Sociodemographic: age (infants <14 years, adolescents 14-18 years, young adults 19-45 years, and adults >45 years) and sex. Clinical: diagnosis and indication for prescription. Pharmacological: name of prescribed medication, route of administration, posology, pharmaceutical form and specialty of the prescribing physician.

Concordance: correlation between the use indication of the psychoactive drug and the indication approved by Invima and FDA (indication, dose, route of administration, contraindications).

Finally, each prescription was classified as a) off-label: use other than the approved by the regulatory agency; b) approved use: use under approved conditions; c) no report: use is not specified in the medical record, and d) not evaluable: no information that supports the use of the psychoactive drug and impossibility to evaluate whether the prescription is appropriate or not (this option was only applied for mandatory inclusion drugs because of the impossibility of replacing the information).
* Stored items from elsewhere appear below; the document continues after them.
lemma upper_tri_mult_closed:
  assumes A: "A \<in> carrier T" and B: "B \<in> carrier T"
  shows "A \<otimes>\<^bsub>T\<^esub> B \<in> carrier T"
proof (rule upper_tri_carrierI)
  note A' = upper_tri_carrierD[OF A] and B' = upper_tri_carrierD[OF B]
  show "(A \<otimes>\<^bsub>T\<^esub> B) i j \<in> carrier R" for i j
    using A'(1) B'(1) by (simp add: upper_tri_mult finsum_closed)
  show "(A \<otimes>\<^bsub>T\<^esub> B) i j = \<zero>" if "j < i \<or> n \<le> i \<or> n \<le> j" for i j
  proof (cases "i < n \<and> j < n")
    case True
    with that have "j < i" by auto
    then have "A i k \<otimes> B k j = \<zero>" for k
      using A'(1,2) B'(1,2) by (cases "k < i") auto
    then show ?thesis using True by (simp add: upper_tri_mult finsum_zero)
  qed (auto simp: upper_tri_mult)
qed

lemma upper_tri_mult_diag:
  assumes A: "A \<in> carrier T" and B: "B \<in> carrier T" and i: "i < n"
  shows "(A \<otimes>\<^bsub>T\<^esub> B) i i = A i i \<otimes> B i i"
proof -
  note A' = upper_tri_carrierD[OF A] and B' = upper_tri_carrierD[OF B]
  have "(\<Oplus>k\<in>{..<n}. A i k \<otimes> B k i) = A i i \<otimes> B i i"
  proof (rule finsum_eq_single)
    show "A i k \<otimes> B k i = \<zero>" if "k \<noteq> i" for k
      using that A'(1,2) B'(1,2) by (cases "k < i") auto
  qed (use i A'(1) B'(1) in auto)
  then show ?thesis using i by (simp add: upper_tri_mult)
qed

lemma upper_tri_mult_assoc:
  assumes A: "A \<in> carrier T" and B: "B \<in> carrier T" and C: "C \<in> carrier T"
  shows "A \<otimes>\<^bsub>T\<^esub> B \<otimes>\<^bsub>T\<^esub> C = A \<otimes>\<^bsub>T\<^esub> (B \<otimes>\<^bsub>T\<^esub> C)"
proof (intro ext)
  have c: "A i j \<in> carrier R" "B i j \<in> carrier R" "C i j \<in> carrier R" for i j
    using A B C by (simp_all add: upper_tri_carrierD)
  fix i j
  show "(A \<otimes>\<^bsub>T\<^esub> B \<otimes>\<^bsub>T\<^esub> C) i j = (A \<otimes>\<^bsub>T\<^esub> (B \<otimes>\<^bsub>T\<^esub> C)) i j"
  proof (cases "i < n \<and> j < n")
    case True
    have "(A \<otimes>\<^bsub>T\<^esub> B \<otimes>\<^bsub>T\<^esub> C) i j
        = (\<Oplus>k\<in>{..<n}. (\<Oplus>l\<in>{..<n}. A i l \<otimes> B l k) \<otimes> C k j)"
      using True c by (simp add: upper_tri_mult, intro finsum_cong') (auto intro: finsum_closed)
    also have "\<dots> = (\<Oplus>k\<in>{..<n}. \<Oplus>l\<in>{..<n}. A i l \<otimes> B l k \<otimes> C k j)"
      using c by (intro finsum_cong') (auto simp: finsum_ldistr intro: finsum_closed)
    also have "\<dots> = (\<Oplus>l\<in>{..<n}. \<Oplus>k\<in>{..<n}. A i l \<otimes> B l k \<otimes> C k j)"
      using c by (intro finsum_swap) auto
    also have "\<dots> = (\<Oplus>l\<in>{..<n}. A i l \<otimes> (\<Oplus>k\<in>{..<n}. B l k \<otimes> C k j))"
      using c by (intro finsum_cong') (auto simp: finsum_rdistr m_assoc intro: finsum_closed)
    also have "\<dots> = (A \<otimes>\<^bsub>T\<^esub> (B \<otimes>\<^bsub>T\<^esub> C)) i j"
      using True c by (simp add: upper_tri_mult, intro finsum_cong') (auto intro: finsum_closed)
    finally show ?thesis .
  qed (auto simp: upper_tri_mult)
qed

lemma upper_tri_one_mult:
  assumes A: "A \<in> carrier T"
  shows "\<one>\<^bsub>T\<^esub> \<otimes>\<^bsub>T\<^esub> A = A"
proof (intro ext)
  note A' = upper_tri_carrierD[OF A]
  fix i j
  show "(\<one>\<^bsub>T\<^esub> \<otimes>\<^bsub>T\<^esub> A) i j = A i j"
  proof (cases "i < n \<and> j < n")
    case True
    have "(\<Oplus>k\<in>{..<n}. (if i = k \<and> i < n then \<one> else \<zero>) \<otimes> A k j) = \<one> \<otimes> A i j"
      by (rule trans[OF finsum_eq_single[of _ i]]) (use True A'(1) in auto)
    then show ?thesis using True A'(1) by (simp add: upper_tri_mult upper_tri_one)
  qed (use A'(3,4) in \<open>auto simp: upper_tri_mult\<close>)
qed

lemma upper_tri_mult_one:
  assumes A: "A \<in> carrier T"
  shows "A \<otimes>\<^bsub>T\<^esub> \<one>\<^bsub>T\<^esub> = A"
proof (intro ext)
  note A' = upper_tri_carrierD[OF A]
  fix i j
  show "(A \<otimes>\<^bsub>T\<^esub> \<one>\<^bsub>T\<^esub>) i j = A i j"
  proof (cases "i < n \<and> j < n")
    case True
    have "(\<Oplus>k\<in>{..<n}. A i k \<otimes> (if k = j \<and> k < n then \<one> else \<zero>)) = A i j \<otimes> \<one>"
      by (rule trans[OF finsum_eq_single[of _ j]]) (use True A'(1) in auto)
    then show ?thesis using True A'(1) by (simp add: upper_tri_mult upper_tri_one)
  qed (use A'(3,4) in \<open>auto simp: upper_tri_mult\<close>)
qed

lemma upper_tri_ring_is_ring: "ring T"
proof (rule ringI)
  show "abelian_group T"
  proof (rule abelian_groupI)
    show "\<zero>\<^bsub>T\<^esub> \<in> carrier T"
      by (auto simp: upper_tri_zero upper_tri_carrier_iff)
    show "\<exists>B \<in> carrier T. B \<oplus>\<^bsub>T\<^esub> A = \<zero>\<^bsub>T\<^esub>" if "A \<in> carrier T" for A
      using that
      by (intro bexI[of _ "\<lambda>i j. \<ominus> A i j"]) (auto simp: upper_tri_carrier_iff upper_tri_add upper_tri_zero l_neg)
  qed (auto simp: upper_tri_carrier_iff upper_tri_add upper_tri_zero a_ac)
next
  show "monoid T"
  proof (rule monoidI)
    show "\<one>\<^bsub>T\<^esub> \<in> carrier T"
      by (auto simp: upper_tri_one upper_tri_carrier_iff)
  qed (simp_all add: upper_tri_mult_closed upper_tri_mult_assoc upper_tri_one_mult upper_tri_mult_one)
next
  fix A B C assume A: "A \<in> carrier T" and B: "B \<in> carrier T" and C: "C \<in> carrier T"
  have c: "A i j \<in> carrier R" "B i j \<in> carrier R" "C i j \<in> carrier R" for i j
    using A B C by (simp_all add: upper_tri_carrierD)
  show "(A \<oplus>\<^bsub>T\<^esub> B) \<otimes>\<^bsub>T\<^esub> C = A \<otimes>\<^bsub>T\<^esub> C \<oplus>\<^bsub>T\<^esub> B \<otimes>\<^bsub>T\<^esub> C"
  proof (intro ext)
    fix i j
    have "(\<Oplus>k\<in>{..<n}. (A i k \<oplus> B i k) \<otimes> C k j)
        = (\<Oplus>k\<in>{..<n}. A i k \<otimes> C k j \<oplus> B i k \<otimes> C k j)"
      by (intro finsum_cong') (auto simp: l_distr c)
    also have "\<dots> = (\<Oplus>k\<in>{..<n}. A i k \<otimes> C k j) \<oplus> (\<Oplus>k\<in>{..<n}. B i k \<otimes> C k j)"
      by (rule finsum_addf) (auto simp: c)
    finally show "((A \<oplus>\<^bsub>T\<^esub> B) \<otimes>\<^bsub>T\<^esub> C) i j = (A \<otimes>\<^bsub>T\<^esub> C \<oplus>\<^bsub>T\<^esub> B \<otimes>\<^bsub>T\<^esub> C) i j"
      by (simp add: upper_tri_mult upper_tri_add)
  qed
  show "C \<otimes>\<^bsub>T\<^esub> (A \<oplus>\<^bsub>T\<^esub> B) = C \<otimes>\<^bsub>T\<^esub> A \<oplus>\<^bsub>T\<^esub> C \<otimes>\<^bsub>T\<^esub> B"
  proof (intro ext)
    fix i j
    have "(\<Oplus>k\<in>{..<n}. C i k \<otimes> (A k j \<oplus> B k j))
        = (\<Oplus>k\<in>{..<n}. C i k \<otimes> A k j \<oplus> C i k \<otimes> B k j)"
      by (intro finsum_cong') (auto simp: r_distr c)
    also have "\<dots> = (\<Oplus>k\<in>{..<n}. C i k \<otimes> A k j) \<oplus> (\<Oplus>k\<in>{..<n}. C i k \<otimes> B k j)"
      by (rule finsum_addf) (auto simp: c)
    finally show "(C \<otimes>\<^bsub>T\<^esub> (A \<oplus>\<^bsub>T\<^esub> B)) i j = (C \<otimes>\<^bsub>T\<^esub> A \<oplus>\<^bsub>T\<^esub> C \<otimes>\<^bsub>T\<^esub> B) i j"
      by (simp add: upper_tri_mult upper_tri_add)
  qed
qed

lemma upper_tri_neg:
  assumes A: "A \<in> carrier T"
  shows "\<ominus>\<^bsub>T\<^esub> A = (\<lambda>i j. \<ominus> A i j)"
proof -
  note A' = upper_tri_carrierD[OF A]
  have neg: "(\<lambda>i j. \<ominus> A i j) \<in> carrier T"
    by (rule upper_tri_carrierI) (use A' in auto)
  have "(\<lambda>i j. \<ominus> A i j) \<oplus>\<^bsub>T\<^esub> A = \<zero>\<^bsub>T\<^esub>"
    using A'(1) by (simp add: upper_tri_add upper_tri_zero l_neg)
  then show ?thesis
    by (rule abelian_group.minus_equality[OF ring.is_abelian_group[OF upper_tri_ring_is_ring] _ A neg])
qed

lemma upper_tri_idem_above_diag_zero:
  assumes cent: "idempotents_central R" and a: "a \<in> idems R"
    and A: "A \<in> carrier T" and idem: "A \<otimes>\<^bsub>T\<^esub> A = A" and diag: "\<And>i. i < n \<Longrightarrow> A i i = a"
    and ij: "i < j"
  shows "A i j = \<zero>"
proof -
  note A' = upper_tri_carrierD[OF A]
  have a_idem: "a \<in> carrier R" "a \<otimes> a = a" using a by (simp_all add: idems_def)
  have a_central: "a \<otimes> x = x \<otimes> a" if "x \<in> carrier R" for x
    using cent a that unfolding idempotents_central_def by blast
  have "A i j = \<zero>" if "j - i = d" "i < j" for d i j
    using that
  proof (induction d arbitrary: i j rule: less_induct)
    case (less d)
    show ?case
    proof (cases "j < n")
      case False
      then show ?thesis using A'(4) by simp
    next
      case j: True
      with less.prems have i: "i < n" by simp
      have "A i j = (A \<otimes>\<^bsub>T\<^esub> A) i j" using idem by simp
      also have "\<dots> = (\<Oplus>k\<in>{..<n}. A i k \<otimes> A k j)" using i j by (simp add: upper_tri_mult)
      also have "\<dots> = A i i \<otimes> A i j \<oplus> A i j \<otimes> A j j"
      proof (rule finsum_eq_two)
        show "A i k \<otimes> A k j = \<zero>" if "k \<in> {..<n}" "k \<noteq> i" "k \<noteq> j" for k
        proof (cases "i < k \<and> k < j")
          case True
          have "A i k = \<zero>"
            by (rule less.IH[of "k - i"]) (use True less.prems in auto)
          then show ?thesis using A'(1) by simp
        next
          case False
          with that show ?thesis using A'(1,2) by (cases "k < i") auto
        qed
      qed (use i j less.prems(2) A'(1) in \<open>auto simp: Pi_def\<close>)
      also have "\<dots> = a \<otimes> A i j \<oplus> A i j \<otimes> a" using diag i j by simp
      finally have "a \<otimes> A i j \<oplus> A i j \<otimes> a = A i j" by (rule sym)
      then show ?thesis
        by (rule idem_mult_add_mult_idem_eq_self_imp_zero[OF a_idem A'(1) a_central[OF A'(1)]])
    qed
  qed
  then show ?thesis using ij by blast
qed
This study met the specifications of the category "research without risk" according to Resolution 8430 of 1993 of the Ministry of Health of Colombia 13, which establishes the scientific, technical and administrative standards for health research. The principles of beneficence and confidentiality of patients were preserved as established by the Declaration of Helsinki.

Analysis plan

Data were analyzed using the statistical package SPSS Statistics version 22.0 for Windows (IBM, U.S.A). A description of frequencies and proportions was made for categorical variables, and central tendency and dispersion measures for continuous variables. Chi-square tests were used for comparing categorical variables, using a variable dependent on off-label use of a drug. Binary logistic regression models were used based on the prescription not approved by Invima as a dependent variable (because it was of greater local interest), and p<0.05 was determined as the level of statistical significance.

Results

420 clinical histories of patients prescribed with psychoactive drugs in Bogotá D.C were evaluated. The mean age was 44.2±18.8, and distribution was obtained with a female predominance of 67.9%.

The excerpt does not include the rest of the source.